Find all functions $f : \mathbb{R} \rightarrow \mathbb{R}$ such that for all $I$ open bounded interval it follows $f(I)$ is also an open bounded interval of same length as $I$.
It's easy to see $f(x)=\pm x + c, c \in \mathbb{R}$ are solutions, but I cannot prove/disprove these are all.
Intuitively, it seems that $|f(x) - f(y)|=|x - y|$ should stand for all $x, y$, following the same length condition.
Hint: $f$ must be monotone, so $(f(x)-f(y))/(x-y)$ should be the same for all $y \ne x$.
EDIT: To show $f$ is monotone: if $a < b < c$, $f((a,c)) = f((a,b)) \cup f((b,c)) \cup \{f(b)\}$. Now the length of $f((a,c))$ is the length of $(a,c)$, which is the sum of the lengths of $(a,b)$ and $(b,c)$, and thus the sum of the lengths of $f((a,b))$ and $f((b,c))$. The only way the union of two open intervals (plus a point) can have length equal to the sum of the lengths of the intervals is that those intervals are disjoint.

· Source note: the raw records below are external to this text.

lemma exists_list_determining_orthogonality:
  fixes g :: "'x \<Rightarrow> 'a::euclidean_space"
  assumes "dim (range g) \<le> N"
  shows "\<exists>xs. length xs = N \<and> (\<forall>a. (\<forall>x\<in>set xs. a \<bullet> g x = 0) \<longrightarrow> (\<forall>x. a \<bullet> g x = 0))"
proof -
  obtain B where B: "B \<subseteq> range g" "independent B" "range g \<subseteq> span B"
    by (rule maximal_independent_subset)
  obtain X where X: "inj_on g X" "B = g ` X"
    using subset_image_inj[THEN iffD1, OF B(1)] by blast
  have "finite B" using B(2) by (rule independent_imp_finite)
  moreover have "card B \<le> N" using independent_card_le_dim[OF B(1,2)] assms by linarith
  ultimately have "finite X" "card X \<le> N" using X by (simp_all add: card_image finite_image_iff)
  then obtain l where l: "set l = X" "length l \<le> N" by (metis distinct_card finite_distinct_list)
  define xs where "xs = l @ replicate (N - length l) undefined"
  show ?thesis
  proof (intro exI conjI allI impI)
    show "length xs = N" using l by (simp add: xs_def)
    fix a x assume "\<forall>x\<in>set xs. a \<bullet> g x = 0"
    then have "\<forall>b\<in>B. orthogonal a b" using l X(2) by (auto simp: xs_def orthogonal_def)
    moreover have "g x \<in> span B" using B(3) by blast
    ultimately have "orthogonal a (g x)" by (metis orthogonal_to_span)
    then show "a \<bullet> g x = 0" by (simp add: orthogonal_def)
  qed
qed

definition vec_supported_on :: "'n set \<Rightarrow> ('a::zero^'n) set" where
  "vec_supported_on J = {p. \<forall>i. i \<notin> J \<longrightarrow> p $ i = 0}"

lemma subspace_vec_supported_on: "subspace (vec_supported_on J :: ('a::real_vector^'n) set)"
  by (auto simp: subspace_def vec_supported_on_def)

lemma dim_vec_supported_on:
  "dim (vec_supported_on J :: ('a::euclidean_space^'n::finite) set) = card J * DIM('a)"
proof -
  define B :: "('a^'n) set" where "B = (\<lambda>(i, b). axis i b) ` (J \<times> Basis)"
  have "independent B"
    by (rule independent_mono[OF independent_Basis]) (auto simp: B_def Basis_vec_def)
  have "span B \<subseteq> vec_supported_on J"
    by (rule span_minimal[OF _ subspace_vec_supported_on]) (auto simp: B_def vec_supported_on_def axis_def)
  moreover have "p \<in> span B" if "p \<in> vec_supported_on J" for p
  proof -
    have "(p \<bullet> b) *\<^sub>R b \<in> span B" if "b \<in> Basis" for b
    proof -
      obtain i u where iu: "b = axis i u" "u \<in> Basis" using \<open>b \<in> Basis\<close> by (auto simp: Basis_vec_def)
      show ?thesis
      proof (cases "i \<in> J")
        case True
        then have "b \<in> B" using iu by (auto simp: B_def)
        then show ?thesis by (intro span_scale span_base)
      next
        case False then show ?thesis using \<open>p \<in> vec_supported_on J\<close> iu
          by (simp add: vec_supported_on_def inner_axis span_zero)
      qed
    qed
    then have "(\<Sum>b\<in>Basis. (p \<bullet> b) *\<^sub>R b) \<in> span B" by (rule span_sum)
    then show ?thesis by (simp add: euclidean_representation)
  qed
  ultimately have "span B = vec_supported_on J" by blast
  moreover have "card B = card J * DIM('a)"
  proof -
    have "inj_on (\<lambda>(i, b). axis i b :: 'a^'n) (J \<times> Basis)"
      by (auto simp: inj_on_def axis_eq_axis nonzero_Basis)
    then show ?thesis unfolding B_def by (simp add: card_image card_cartesian_product)
  qed
  ultimately show ?thesis using dim_span_eq_card_independent[OF \<open>independent B\<close>] by simp
qed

Now if $f$ was not monotone, there would be some $x < y < z$ such that $f(y)$ is not between $f(x)$ and $f(z)$: either $f(y) \ge \max(f(x), f(z))$ or $f(y) \le \min(f(x), f(z))$. Suppose $f(x) \le f(z) \le f(y)$ (the other cases will be similar). Then taking $a < x < y < b < z < c$, $f((a,b))$ and $f((b,c))$ both include $f(z)$ and are thus not disjoint, contradiction.